**WHAT IS REQUIRED**
If a line in the entries below includes the string "lfloor", copy it out.

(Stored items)
(* Let $0\le\gamma<1$ and let $f$ be analytic on $\Omega_\gamma$ with $|f(z)|\le1$ for all $z\in\Omega_\gamma$, and $f(z)=\sum_{n=0}^\infty a_nz^n$ for $z\in\mathbb{D}$. Then $$|a_n|\le\frac{1-|a_0|^2}{1+\gamma}\qquad\text{for all } n\ge1.$$
   Context: $\mathbb{D}$ is the open unit disk. For $0\le\gamma<1$, $\Omega_\gamma=\{z\in\mathbb{C}: |z+\frac{\gamma}{1-\gamma}|<\frac{1}{1-\gamma}\}$, a disk containing $\mathbb{D}$. *)

theory Defs
  imports "HOL-Complex_Analysis.Complex_Analysis"
begin

definition Omega :: "real \<Rightarrow> complex set" where
  "Omega \<gamma> = {z. cmod (z + complex_of_real (\<gamma> / (1 - \<gamma>))) < 1 / (1 - \<gamma>)}"

end

theory Submission
  imports Defs
begin

text \<open>
  The map \<open>\<phi>(w) = (1 + \<gamma>) w / (1 + \<gamma> w)\<close> sends the unit disk into \<open>\<Omega>\<^sub>\<gamma>\<close> and fixes 0, so
  \<open>h = f \<circ> \<phi>\<close> is bounded by 1 on the disk with \<open>h(0) = a\<^sub>0\<close>. Its Taylor coefficients satisfy
  Wiener's inequality \<open>|b\<^sub>k| \<le> 1 - |b\<^sub>0|\<^sup>2\<close> for \<open>k \<ge> 1\<close>: averaging \<open>h\<close> over the \<open>k\<close>-th roots of
  unity leaves \<open>b\<^sub>0 + b\<^sub>k z\<^sup>k + \<dots>\<close>, and the Schwarz-Pick argument applied to this average bounds
  \<open>b\<^sub>k\<close>. Conversely \<open>f = h \<circ> \<psi>\<close> with \<open>\<psi>(z) = z / (1 + \<gamma> - \<gamma> z)\<close>, whose Taylor coefficients are
  nonnegative. Expanding \<open>a\<^sub>n = \<Sum>\<^sub>i b\<^sub>i [z\<^sup>n] \<psi>\<^sup>i\<close> therefore gives
  \<open>|a\<^sub>n| \<le> (1 - |a\<^sub>0|\<^sup>2) \<Sum>\<^bsub>i \<ge> 1\<^esub> [z\<^sup>n] \<psi>\<^sup>i = (1 - |a\<^sub>0|\<^sup>2) [z\<^sup>n] \<psi>/(1 - \<psi>)\<close>, and
  \<open>\<psi>/(1 - \<psi>) = z / ((1 + \<gamma>)(1 - z))\<close> has all coefficients \<open>1/(1 + \<gamma>)\<close>.
\<close>

unbundle no vec_syntax
lemma bertrand_postulate:
  fixes n :: nat
  assumes "1 \<le> n"
  shows "\<exists>p. prime p \<and> n < p \<and> p \<le> 2*n"
proof -
  obtain p1 p2 where "prime p1" "n < p1" "p1 < p2" "p2 \<le> 2*n+1"
    using two_primes_between[OF assms] by blast
  then show ?thesis by (intro exI[of _ p1]) simp
qed

section \<open>The two smallest primes above \<open>r\<close>\<close>

definition next_prime :: "nat \<Rightarrow> nat" where
  "next_prime n = (LEAST q. prime q \<and> n < q)"

lemma next_prime: "prime (next_prime n)" "n < next_prime n"
  using LeastI_ex[OF bigger_prime[of n]] unfolding next_prime_def by auto

lemma next_prime_le: "prime q \<Longrightarrow> n < q \<Longrightarrow> next_prime n \<le> q"
  unfolding next_prime_def by (rule Least_le) simp

lemma next_prime_eqI:
  assumes "a \<le> c" "c < next_prime a"
  shows "next_prime c = next_prime a"
  using assms next_prime[of a] next_prime[of c] next_prime_le[of "next_prime a" c]
    next_prime_le[of "next_prime c" a]
  by simp

lemma next_prime_le_double: "1 \<le> n \<Longrightarrow> next_prime n \<le> 2*n"
  using bertrand_postulate next_prime_le by (meson order.trans)

lemma next_next_prime_le:
  assumes "1 \<le> n"
  shows "next_prime (next_prime n) \<le> 2*n + 1"
proof -
  obtain p1 p2 where "prime p1" "prime p2" "n < p1" "p1 < p2" "p2 \<le> 2*n+1"
    using two_primes_between[OF assms] by blast
  then have "next_prime n < p2" using next_prime_le[of p1 n] by simp
  then show ?thesis using next_prime_le[OF \<open>prime p2\<close>] \<open>p2 \<le> 2*n+1\<close> by (meson order.trans)
qed

lemma nth_prime_Suc: "nth_prime (Suc i) = enumerate {p. prime p} i"
  by (simp add: nth_prime_def)

lemma nth_prime_1: "nth_prime 1 = 2"
  unfolding nth_prime_def by (simp add: enumerate_0, rule Least_equality) (auto dest: prime_ge_2_nat)

lemma nth_prime_Suc_Suc: "nth_prime (Suc (Suc i)) = next_prime (nth_prime (Suc i))"
  by (simp add: nth_prime_Suc enumerate_Suc''[OF primes_infinite] next_prime_def)

lemma nth_prime_Suc_b:
  fixes r :: nat
  assumes "0 < r"
  shows "nth_prime (Suc (b r)) = next_prime r"
proof (cases "r = 1")
  case True
  have "next_prime 1 = 2"
    unfolding next_prime_def by (rule Least_equality) (auto dest: prime_ge_2_nat)
  then show ?thesis using True nth_prime_1 by (simp add: b_def)
next
  case False
  let ?P = "\<lambda>k. k \<ge> 1 \<and> nth_prime k \<le> r"
  have bounded: "k \<le> r + 1" if "?P k" for k
    using that le_enumerate[OF primes_infinite, of "k - 1"] by (cases k) (auto simp: nth_prime_Suc)
  have "?P 1" using False assms nth_prime_1 by simp
  then have "?P (b r)" "\<not> ?P (Suc (b r))"
    using False GreatestI_nat[of ?P 1 "r+1"] Greatest_le_nat[of ?P "Suc (b r)" "r+1"] bounded
    by (auto simp: b_def)
  then obtain g where g: "b r = Suc g" "nth_prime (Suc g) \<le> r" "r < nth_prime (Suc (Suc g))"
    by (cases "b r") auto
  then show ?thesis
    using next_prime_eqI[of "nth_prime (Suc g)" r] by (simp add: nth_prime_Suc_Suc)
qed

section \<open>Lower bounds for \<open>S\<^sub>r\<close>\<close>

lemma S_prime:
  fixes q r :: nat
  assumes "prime q"
  shows "S r q = (if q \<le> r then 0 else q - r)"
  using assms by (simp add: S_def prime_prime_factors)

lemma S_mult_primes:
  fixes a c r :: nat
  assumes "prime a" "prime c" "a \<noteq> c" "r < a" "r < c"
  shows "S r (a*c) = (a - r) * (c - r)"
proof -
  have "prime_factors (a*c) = {a, c}"
    using assms by (simp add: prime_factors_product prime_prime_factors prime_gt_0_nat insert_commute)
  moreover have "multiplicity a (a*c) = 1" "multiplicity c (a*c) = 1"
    using assms by (simp_all add: prime_elem_multiplicity_mult_distrib prime_multiplicity_other prime_gt_0_nat)
  ultimately show ?thesis using assms unfolding S_def by simp
qed

lemma mult_primes_in_B:
  fixes a c r :: nat
  assumes "prime a" "prime c" "a \<noteq> c" "r < a" "r < c"
  shows "a * c \<in> B r"
  using assms S_mult_primes[OF assms] by (simp add: B_def prime_gt_0_nat)

lemma prime_factor_gt_if_in_B:
  fixes m r :: nat
  assumes "m \<in> B r" "q \<in> prime_factors m"
  shows "r < q"
proof (rule ccontr)
  assume "\<not> r < q"
  then have "S r m = 0"
    unfolding S_def by (intro prod_zero bexI[of _ q]) (use assms(2) \<open>\<not> r < q\<close> in auto)
  then show False using assms(1) by (simp add: B_def)
qed
lemma Riemann_sum_error_le:
  fixes F :: "real \<Rightarrow> real"
  assumes cont: "continuous_on {0..t} F" and N: "0 < N" and h: "h = t / real N" and t: "0 \<le> t"
    and e: "0 \<le> e" and close: "\<And>x y. x \<in> {0..t} \<Longrightarrow> y \<in> {0..t} \<Longrightarrow> \<bar>x - y\<bar> \<le> h \<Longrightarrow> \<bar>F x - F y\<bar> \<le> e"
  shows "\<bar>(\<Sum>k<N. h * F (real k * h)) - integral {0..t} F\<bar> \<le> t * e"
proof -
  have h0: "0 \<le> h" and Nh: "real N * h = t"
    using N t by (simp_all add: h)
  have cell: "\<bar>integral {real k * h..real (Suc k) * h} F - h * F (real k * h)\<bar> \<le> h * e"
    if "k < N" for k
  proof -
    have "real (Suc k) * h \<le> t"
      using that h0 Nh mult_right_mono[of "real (Suc k)" "real N" h] by simp
    then have sub: "{real k * h..real (Suc k) * h} \<subseteq> {0..t}"
      using h0 by auto
    have hh: "real (Suc k) * h - real k * h = h"
      by (simp add: algebra_simps)
    have "\<bar>F x - F (real k * h)\<bar> \<le> e" if "x \<in> {real k * h..real (Suc k) * h}" for x
    proof (rule close)
      show "x \<in> {0..t}" "real k * h \<in> {0..t}"
        using that sub h0 by (auto intro: order_trans[OF mult_nonneg_nonneg[OF of_nat_0_le_iff h0]])
      show "\<bar>x - real k * h\<bar> \<le> h"
        using that by (simp add: algebra_simps)
    qed
    then have "\<bar>integral {real k * h..real (Suc k) * h} F - (real (Suc k) * h - real k * h) * F (real k * h)\<bar>
        \<le> (real (Suc k) * h - real k * h) * e"
      using continuous_on_subset[OF cont sub] h0 e
      by (intro abs_integral_diff_rectangle_le) (auto simp: mult_right_mono)
    then show ?thesis
      by (simp only: hh)
  qed
  have "integral {0..t} F = (\<Sum>k<N. integral {real k * h..real (Suc k) * h} F)"
    using integral_eq_sum_cells[of N h F] cont h0 by (simp add: Nh)
  then have "\<bar>(\<Sum>k<N. h * F (real k * h)) - integral {0..t} F\<bar> =
      \<bar>\<Sum>k<N. integral {real k * h..real (Suc k) * h} F - h * F (real k * h)\<bar>"
    by (simp add: sum_subtractf abs_minus_commute)
  also have "\<dots> \<le> (\<Sum>k<N. \<bar>integral {real k * h..real (Suc k) * h} F - h * F (real k * h)\<bar>)"
    by (rule sum_abs)
  also have "\<dots> \<le> (\<Sum>k<N. h * e)"
    using cell by (intro sum_mono) auto
  also have "\<dots> = t * e"
    using Nh by simp
  finally show ?thesis .
qed
lemma partially_testable_card_le:
  assumes lin: "linear_code n C" and dd: "is_dual_distance n C \<Gamma>"
    and small: "real (card C) \<le> 2 powr (real n / 64)" and "\<epsilon> < 1/8"
    and "C' \<subseteq> C" and "partially_testable n C C' q \<epsilon>"
    and "0 < q" "1 \<le> t" "32 * t * q \<le> \<Gamma>"
  shows "real (card C') * 2 ^ t \<le> real (card C)"
proof -
  have Cw: "C \<subseteq> words n" and "C \<noteq> {}" using lin by (auto simp: linear_code_def)
  have finC: "finite C" using Cw finite_words finite_subset by blast
  obtain T where T: "\<forall>t\<in>set_pmf T. depth t \<le> q \<and> queries_in n t"
    and acc: "\<forall>x\<in>C'. measure_pmf.prob T {t. run t x} \<ge> 2/3"
    and rej: "\<forall>x\<in>words n. rel_dist n x C > \<epsilon> \<longrightarrow> measure_pmf.prob T {t. \<not> run t x} \<ge> 2/3"
    using assms(6) unfolding partially_testable_def by blast
  define p where "p x = measure_pmf.prob T {t. run t x}" for x
  define N where "N = {x\<in>words n. rel_dist n x C \<le> \<epsilon>}"
  have "1 \<le> t * q" "t \<le> t * q" "q \<le> t * q" "32 * t * q = 32 * (t * q)"
    "(t + 1) * q = t * q + q"
    using assms(7,8) by simp_all
  then have "(t + 1) * q \<le> \<Gamma> - 1" "32 * t \<le> n" "8 \<le> n"
    using assms(8,9) dual_distance_le_length[OF dd] by linarith+
  have amplified: "queries_in n s \<and> depth s \<le> \<Gamma> - 1"
    if "s \<in> set_pmf (amplify T (t + 1))" for s
    using set_pmf_amplify[of T n q, OF _ that] T \<open>(t + 1) * q \<le> \<Gamma> - 1\<close> by fastforce
  have avg: "(\<Sum>c\<in>C. p c ^ (t + 1)) * real (card (words n)) =
      (\<Sum>x\<in>words n. p x ^ (t + 1)) * real (card C)"
    using sum_accept_prob_k_wise_uniform[where M="amplify T (t + 1)",
        OF finC linear_code_k_wise_uniform[OF lin dd] finite_words words_k_wise_uniform amplified]
    by (simp only: prob_accept_amplify p_def)
  have far: "p x \<le> 1/3" if "x \<in> words n - N" for x
  proof -
    have "measure_pmf.prob T {t. \<not> run t x} = 1 - p x"
      using measure_pmf.prob_compl[of "{t. run t x}" T]
      by (simp add: p_def flip: Compl_eq_Diff_UNIV Collect_neg_eq)
    moreover have "x \<in> words n" "\<epsilon> < rel_dist n x C" using that by (auto simp: N_def)
    ultimately show ?thesis using rej by fastforce
  qed
  have "real (card N) * 3 ^ (t + 1) \<le> real (card (words n))"
    unfolding N_def card_words
    using card_close_to_small_code_le[OF finC Cw \<open>C \<noteq> {}\<close> small assms(4)] \<open>32 * t \<le> n\<close> \<open>8 \<le> n\<close>
    by simp
  moreover have "words n \<noteq> {}" by (auto simp: words_def intro: exI[of _ "replicate n False"])
  ultimately have "real (card C') * 2 ^ (t + 1) \<le> 2 * real (card C)"
    using acc
    by (intro card_accepted_le_of_equal_averages[OF finC finite_words _ assms(5) _ _ _ avg _ far])
       (auto simp: p_def N_def)
  then show ?thesis by simp
qed

lemma shannon_entropy_pmf_of_set:
  assumes "finite A" "A \<noteq> {}"
  shows "shannon_entropy (pmf_of_set A) = log 2 (real (card A))"
proof -
  have "real (card A) > 0" using assms by (simp add: card_gt_0_iff)
  then show ?thesis
    using assms by (simp add: shannon_entropy_def log_divide)
qed

theorem lemma15:
  fixes n q \<Gamma> :: nat and C C' :: "bool list set" and \<epsilon> :: real
  assumes "linear_code n C"
    and "is_dual_distance n C \<Gamma>"
    and "real (card C) \<le> 2 powr (real n / 64)"
    and "\<epsilon> < 1/8"
    and "C' \<subseteq> C" and "C' \<noteq> {}"
    and "partially_testable n C C' q \<epsilon>"
  shows "shannon_entropy (pmf_of_set C') \<le>
           log 2 (real (card C)) - real_of_int \<lfloor>(real \<Gamma> / 32) / real q\<rfloor>"
proof -
  have finC: "finite C" using assms(1) finite_words finite_subset by (auto simp: linear_code_def)
  have finC': "finite C'" using finite_subset[OF assms(5) finC] .
  define t where "t = nat \<lfloor>(real \<Gamma> / 32) / real q\<rfloor>"
  have t: "real_of_int \<lfloor>(real \<Gamma> / 32) / real q\<rfloor> = real t" by (simp add: t_def)
  have "real (card C') * 2 ^ t \<le> real (card C)"
  proof (cases "t = 0")
    case True
    then show ?thesis using card_mono[OF finC assms(5)] by simp
  next
    case False
    then have "0 < q" by (cases "q = 0") (auto simp: t_def)
    moreover have "real t \<le> (real \<Gamma> / 32) / real q" using t by linarith
    then have "real (32 * t * q) \<le> real \<Gamma>" using \<open>0 < q\<close> by (simp add: field_simps)
    then have "32 * t * q \<le> \<Gamma>" by (simp only: of_nat_le_iff)
    ultimately show ?thesis
      using partially_testable_card_le[OF assms(1-5,7)] False by simp
  qed
  moreover have "0 < real (card C')" using finC' assms(6) by (simp add: card_gt_0_iff)
  ultimately have "log 2 (real (card C') * 2 ^ t) \<le> log 2 (real (card C))"
    by (intro log_mono) auto
  then show ?thesis using shannon_entropy_pmf_of_set[OF finC' assms(6)] t \<open>0 < real (card C')\<close>
    by (simp add: log_mult log_nat_power)
qed

end
(* The coefficients of w in the basis u, v, u \<times> v are integers (after clearing the
   denominator |u \<times> v|^2), so a vanishing determinant yields a rational relation. *)
lemma qlin_indep3_imp_det_nonzero:
  assumes indep: "qlin_indep3 u v w" and nz: "to_real3 u \<times> to_real3 v \<noteq> 0"
  shows "(to_real3 u \<times> to_real3 v) \<bullet> to_real3 w \<noteq> 0"
proof
  let ?u = "to_real3 u" and ?v = "to_real3 v" and ?w = "to_real3 w"
  assume "(?u \<times> ?v) \<bullet> ?w = 0"
  then have expansion: "((?u \<times> ?v) \<bullet> (?u \<times> ?v)) *\<^sub>R ?w
      = ((?w \<times> ?v) \<bullet> (?u \<times> ?v)) *\<^sub>R ?u + ((?u \<times> ?w) \<bullet> (?u \<times> ?v)) *\<^sub>R ?v"
    using cross_basis_expansion[of ?u ?v ?w] by simp
  have "(?w \<times> ?v) \<bullet> (?u \<times> ?v) \<in> \<int>" "(?u \<times> ?w) \<bullet> (?u \<times> ?v) \<in> \<int>"
      "(?u \<times> ?v) \<bullet> (?u \<times> ?v) \<in> \<int>"
    by (intro inner_int_vec_in_Ints int_vec_cross int_vec_to_real3)+
  then obtain p q r :: int where "(?w \<times> ?v) \<bullet> (?u \<times> ?v) = of_int p"
      "(?u \<times> ?w) \<bullet> (?u \<times> ?v) = of_int q" "(?u \<times> ?v) \<bullet> (?u \<times> ?v) = of_int r"
    by (metis Ints_cases)
  with expansion have "of_rat (of_int p) *\<^sub>R ?u + of_rat (of_int q) *\<^sub>R ?v
      + of_rat (of_int (- r)) *\<^sub>R ?w = 0"
    by (simp add: of_rat_minus)
  with indep have "r = 0" unfolding qlin_indep3_iff by fastforce
  with nz \<open>(?u \<times> ?v) \<bullet> (?u \<times> ?v) = of_int r\<close> show False by simp
qed

lemma not_Rats_if_rat_independent:
  assumes "\<forall>a b c :: rat. of_rat a + of_rat b * \<xi> + of_rat c * \<eta> = 0 \<longrightarrow> a = 0 \<and> b = 0 \<and> c = 0"
  shows "\<xi> \<notin> \<rat>"
proof
  assume "\<xi> \<in> \<rat>"
  then obtain q where "\<xi> = of_rat q" by (rule Rats_cases)
  then have "of_rat (- q) + of_rat 1 * \<xi> + of_rat 0 * \<eta> = 0" by (simp add: of_rat_minus)
  then show False using assms[rule_format, of "- q" 1 0] by simp
qed

section \<open>Sequences of minimal points\<close>

locale minimal_point_sequence =
  fixes \<xi> \<eta> :: real and x :: "nat \<Rightarrow> ipt"
  assumes indep: "\<forall>a b c :: rat. of_rat a + of_rat b * \<xi> + of_rat c * \<eta> = 0
                     \<longrightarrow> a = 0 \<and> b = 0 \<and> c = 0"
    and infinite_disc_points: "infinite (disc_points \<xi> \<eta>)"
    and minimal: "minimal_points \<xi> \<eta> x"
begin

**RESPONSE AREA**
           log 2 (real (card C)) - real_of_int \<lfloor>(real \<Gamma> / 32) / real q\<rfloor>"
  define t where "t = nat \<lfloor>(real \<Gamma> / 32) / real q\<rfloor>"
  have t: "real_of_int \<lfloor>(real \<Gamma> / 32) / real q\<rfloor> = real t" by (simp add: t_def)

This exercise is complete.